上記の式の内容ですが、document1 というのは、「蔵書登録/編集」文書を XPages に連結させたデータなので、文書中にある Status の値を取得するというものです。これで、「蔵書登録/編集」の XPage を開いたときに、その蔵書が貸出中ならば、"貸出中" と表示されます。

蔵書一覧ページにステータスが表示されるようにする

蔵書登録/編集文書ページに表示させるようになったので、蔵書一覧ページ (「BooksCollectionView」カスタムコントロール) でも表示させるようにします。この場合、先にノーツのビューを修正しておくと簡単です。

ということで、「蔵書一覧(BooksCollectionView)」ビューを開いて、最後尾に「Status」 を表示する列を追加します(列のタイトルは、"状況" としてください)。このビューが保存できたら、「BooksCollectionView」カスタムコントロールを開きます。

ビューのデータが表示された表があるので、一番右側の列 (購入日) にマウスカーソルを合わせて、右クリックします。ポップアップメニューが表示されるので、「列の追加」を選択します (下図)。

列が追加されるので、「プロパティ」ビューの「データ」タブを開きます。「列の値」にある「ビューの列」の右側のボックスをクリックすると、ビューに設定された列の一覧が表示されます。先ほど追加した、「状況」列が確認できるでしょうか (下図参照)。

確認できたら、それを選択します。すると、表の列のタイトル部分のセルが「状況:」に変わり、値部分のセルが「Status」に変わります。このままでも良いのですが、貸出中かどうかが目立たないので、フォントスタイルを変更してみましょう。同じく「プロパティ」ビューの「フォント」タブを選択します。カラーを赤に、スタイルは太文字にします (下図参照)。

この状態で、「BooksCollectionView」カスタムコントロールを保存します。

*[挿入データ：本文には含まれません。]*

lemma meval_mult: "meval (p * q) x = meval p x * meval q x"
proof -
  let ?P = "Poly_Mapping.keys p" and ?Q = "Poly_Mapping.keys q"
  have "p * q = (\<Sum>a\<in>?P. Poly_Mapping.single a (Poly_Mapping.lookup p a)) *
                (\<Sum>b\<in>?Q. Poly_Mapping.single b (Poly_Mapping.lookup q b))"
    by (simp flip: poly_mapping_sum_single)
  also have "\<dots> = (\<Sum>a\<in>?P. \<Sum>b\<in>?Q.
      Poly_Mapping.single (a + b) (Poly_Mapping.lookup p a * Poly_Mapping.lookup q b))"
    by (simp add: sum_product mult_single)
  finally have "meval (p * q) x = (\<Sum>a\<in>?P. \<Sum>b\<in>?Q.
      (Poly_Mapping.lookup p a * monom_eval a x) * (Poly_Mapping.lookup q b * monom_eval b x))"
    by (simp add: meval_sum monom_eval_add mult_ac)
  also have "\<dots> = meval p x * meval q x"
    by (simp add: meval_eq_sum_monom_eval sum_product)
  finally show ?thesis .
qed

lemma meval_one: "meval 1 x = 1"
proof -
  have "meval (Poly_Mapping.single 0 1) x = 1" by (simp add: monom_eval_def del: single_one)
  then show ?thesis by simp
qed

lemma comm_ring_hom_meval: "comm_ring_hom (\<lambda>p. meval p x)"
  by unfold_locales (simp_all add: meval_add meval_mult meval_one)

lemma meval_mvar [simp]: "meval (mvar i) x = x i"
  by (simp add: mvar_def)

lemma meval_at_zero: "meval p (\<lambda>_. 0) = Poly_Mapping.lookup p 0"
  by (simp add: meval_eq_sum_monom_eval monom_eval_at_zero in_keys_iff if_distrib cong: if_cong)

section \<open>Degrees of monomials\<close>

lemma mdeg_superset:
  "finite S \<Longrightarrow> Poly_Mapping.keys a \<subseteq> S \<Longrightarrow> mdeg a = (\<Sum>v\<in>S. Poly_Mapping.lookup a v)"
  unfolding mdeg_def by (rule sum.mono_neutral_left) (auto simp: in_keys_iff)
lemma continuous_at_right_Inf_greaterThan: "continuous (at_right x) (\<lambda>x. Inf (g ` {x<..}))"
proof -
  have "\<exists>\<delta>>0. Inf (g ` {x + \<delta><..}) - Inf (g ` {x<..}) < e" if "0 < e" for e
  proof -
    obtain y where y: "x < y" "g y < Inf (g ` {x<..}) + e"
      using \<open>0 < e\<close> cInf_lessD[of "g ` {x<..}" "Inf (g ` {x<..}) + e"] by auto
    have "Inf (g ` {x + (y - x) / 2<..}) \<le> g y"
      using y(1)
      by (intro cINF_lower[OF bdd_below_image_greaterThan]) (auto simp: field_simps)
    then show ?thesis using y by (intro exI[of _ "(y - x) / 2"]) auto
  qed
  then show ?thesis
    using continuous_at_right_real_increasing[of "\<lambda>x. Inf (g ` {x<..})" x]
      monoD[OF mono_Inf_greaterThan] by blast
qed

end

lemma distortion_comp_cdfM:
  assumes G: "G \<in> cdfM" and d: "distortion d"
  shows "mono (\<lambda>y. d (G y))" and "0 \<le> d (G y)"
proof -
  show "0 \<le> d (G y)"
    using d cdfM_nonneg[OF G, of y] cdfM_le_one[OF G, of y]
    unfolding distortion_def image_subset_iff by auto
  show "mono (\<lambda>y. d (G y))"
    using d cdfM_nonneg[OF G] cdfM_le_one[OF G] monoD[OF cdfM_mono[OF G]]
    unfolding distortion_def by (auto intro!: monoI mono_onD[of "{0..1}" d])
qed

lemma Td_eq_Inf:
  assumes "G \<in> cdfM" "distortion d"
  shows "Td d G = (\<lambda>x. Inf ((\<lambda>y. d (G y)) ` {x<..}))"
  using distortion_comp_cdfM(1)[OF assms]
  by (auto simp: Td_def intro!: ext tendsto_Lim tendsto_at_right_Inf_greaterThan)

lemma Td_cdfM:
  assumes G: "G \<in> cdfM" and d: "distortion d"
  shows "Td d G \<in> cdfM"
proof -
  let ?g = "\<lambda>y. d (G y)"
  note g = distortion_comp_cdfM(1)[OF assms]
  obtain a b where ab: "\<And>x. x < a \<Longrightarrow> G x = 0" "\<And>x. b \<le> x \<Longrightarrow> G x = 1"
    using cdfM_support[OF G] by metis
  have d01: "d 0 = 0" "d 1 = 1" using d unfolding distortion_def by auto
  show ?thesis unfolding Td_eq_Inf[OF assms]
  proof (rule cdfM_I[of _ a b])
    show "Inf (?g ` {x<..}) = 0" if "x < a" for x
    proof (rule cInf_eq_minimum)
      show "0 \<in> ?g ` {x<..}"
        using that ab(1)[of "(x + a) / 2"] d01 by (auto intro!: image_eqI[of _ _ "(x + a) / 2"])
    qed (use distortion_comp_cdfM(2)[OF assms] in auto)
    show "Inf (?g ` {x<..}) = 1" if "b \<le> x" for x
    proof -
      have "?g ` {x<..} = {1}"
        using that ab(2) d01 by (auto intro!: image_eqI[of _ _ "x + 1"])
      then show ?thesis by simp
    qed
  qed (use mono_Inf_greaterThan[OF g] continuous_at_right_Inf_greaterThan[OF g] in auto)
qed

これで、各文書のステータスが変更されるようになり、XPage の画面にも表示されるようになりました。

次回は、各画面の入力チェックを実装します。


第8回:機能の追加 2 (入力チェックの追加と、蔵書の返却)

「蔵書登録文書」への入力チェックの実装

「蔵書登録/編集」画面に入力チェック機能を実装するので、「BookResource」カスタムコントロールを開きます。フィールド数が少ないので、全部に入力チェックをかけても良いのですが、今回は「蔵書名」に入力チェックを仕掛けます。蔵書名のフィールド (BookName) を選択して、「プロパティ」ビューの「妥当性検査」タブを開きます (下図参照)。

この中の「必須フィールド」のチェックをつけて、「必須フィールドのエラーメッセージ」に入力チェック時のエラーメッセージを入力します。今回は、「蔵書名が入力されていません。」とします。

次に、「コントロール」ビューの「コアコントロール」にある「エラー表示」を「BookName」フィールドの横にドラッグ&ドロップします (下図参照)。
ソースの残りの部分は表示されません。